Synagogue in Georgia, USA

Congregation B'nai Torah is a Conservative synagogue located in Sandy Springs, Georgia, in the United States. It was founded in 1981 by young, unaffiliated Jews who had attended the Hillel High holiday services at Emory University since the 1970s. The 125 member families met in a closed grammar school until 1984, and then for two years in trailers, until they constructed a synagogue building.

== Overview ==
The congregation was highly unusual, as it was founded as an Orthodox shul, but without a mechitza. Because of the challenge of being an independent synagogue, it gradually moved towards the Conservative movement, first identifying as "traditional" ("Conservadox") and then finally affiliating with the Conservative movement in November 2003. Soon after, the synagogue completed a transition to an egalitarian practice, with women now integrated into all ritual roles.

B'nai Torah hired its first Conservative-ordained rabbi, Joshua Heller, in 2004. At the time, membership was approximately 420 families. As of June 2009, that had grown to 660, by July 2015, it had reached 750, and in 2023 its members included over 850 families.
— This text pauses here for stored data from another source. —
lemma exists_level_substrings_grow:
  fixes x :: "bool list" and m t :: "nat \<Rightarrow> nat"
  assumes "0 < K"
    and m_Suc: "\<And>k. m (Suc k) = t k * m k"
    and m_pos: "\<And>k. k \<le> K \<Longrightarrow> 0 < m k"
    and m_le: "\<And>k. k \<le> K \<Longrightarrow> m k \<le> length x"
  shows "\<exists>k<K. real (card (substrings x (m k))) ^ t k
                \<le> 2 powr (real (m (Suc k)) / K) * card (substrings x (m (Suc k)))"
proof -
  define a where "a k = real (card (substrings x (m k)))" for k
  define \<rho> where "\<rho> k = ln (a k) / m k" for k
  have a_pos: "0 < a k" if "k \<le> K" for k
    using card_substrings_pos[OF m_le[OF that]] by (simp add: a_def)
  have "ln (a 0) \<le> ln (2 ^ m 0)"
    using a_pos[of 0] card_substrings_le[of x "m 0"] by (simp add: a_def)
  then have "\<rho> 0 \<le> ln 2"
    using m_pos[of 0] by (simp add: \<rho>_def ln_realpow field_simps)
  moreover have "0 \<le> \<rho> K"
    using a_pos[of K] card_substrings_pos[OF m_le[of K]] by (simp add: \<rho>_def a_def)
  ultimately obtain k where k: "k < K" and drop: "\<rho> k - \<rho> (Suc k) \<le> ln 2 / K"
    using exists_small_decrement[OF \<open>0 < K\<close>, of \<rho> "ln 2"] by auto
  have "t k * ln (a k) - ln (a (Suc k)) = m (Suc k) * (\<rho> k - \<rho> (Suc k))"
    using m_pos[of k] m_pos[of "Suc k"] k unfolding \<rho>_def m_Suc by (simp add: field_simps)
  also have "\<dots> \<le> m (Suc k) * (ln 2 / K)" using drop by (intro mult_left_mono) auto
  finally have "ln (a k ^ t k) \<le> ln (2 powr (m (Suc k) / K) * a (Suc k))"
    using a_pos[of k] a_pos[of "Suc k"] k by (simp add: ln_realpow ln_mult ln_powr)
  then have "a k ^ t k \<le> 2 powr (m (Suc k) / K) * a (Suc k)"
    using a_pos[of k] a_pos[of "Suc k"] k by simp
  then show ?thesis using k unfolding a_def by blast
qed

lemma exists_multiplier_powr_dominates:
  fixes \<alpha> \<beta> D :: real and n :: nat
  assumes "\<beta> < \<alpha>" and "0 < n"
  shows "\<exists>t\<ge>2. D * 2 powr (\<beta> * real (t * n)) \<le> 2 powr (\<alpha> * real (t * n))"
proof -
  obtain t0 :: nat where t0: "log 2 \<bar>D\<bar> / (\<alpha> - \<beta>) \<le> t0" using real_arch_simple by blast
  define t where "t = max t0 2"
  define L where "L = real (t * n)"
  have "t0 \<le> t" by (simp add: t_def)
  also have "t \<le> t * n" using \<open>0 < n\<close> by simp
  finally have "real t0 \<le> L" unfolding L_def of_nat_le_iff .
  then have log_D: "log 2 \<bar>D\<bar> \<le> (\<alpha> - \<beta>) * L"
    using t0 assms(1) by (simp add: divide_le_eq mult.commute order_trans)
  have "D \<le> 2 powr ((\<alpha> - \<beta>) * L)"
  proof (cases "D = 0")
    case False
    then have "D \<le> 2 powr (log 2 \<bar>D\<bar>)" by simp
    also have "\<dots> \<le> 2 powr ((\<alpha> - \<beta>) * L)" using log_D by (intro powr_mono) auto
    finally show ?thesis .
  qed simp
  then have "D * 2 powr (\<beta> * L) \<le> 2 powr ((\<alpha> - \<beta>) * L) * 2 powr (\<beta> * L)"
    by (intro mult_right_mono) auto
  also have "\<dots> = 2 powr (\<alpha> * L)" by (simp add: powr_add[symmetric] algebra_simps)
  finally show ?thesis unfolding L_def by (intro exI[of _ t]) (auto simp: t_def)
qed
As of November 2023, B'nai Torah's clergy team included Rabbi Heller, Rabbi Hillel Konigsberg, and Rabbi Elizabeth Breit.

The present location on 700 Mount Vernon Highway contains a large sanctuary, a gift shop, meat and dairy kosher kitchens, a religious school, and a preschool, all of which were renovated in 2014–2015. The congregation also maintains an eruv around surrounding neighborhoods. B'nai Torah hosts many community organizations and events, including MACoM, the Metro Atlanta Community mikvah was constructed on its campus in 2015.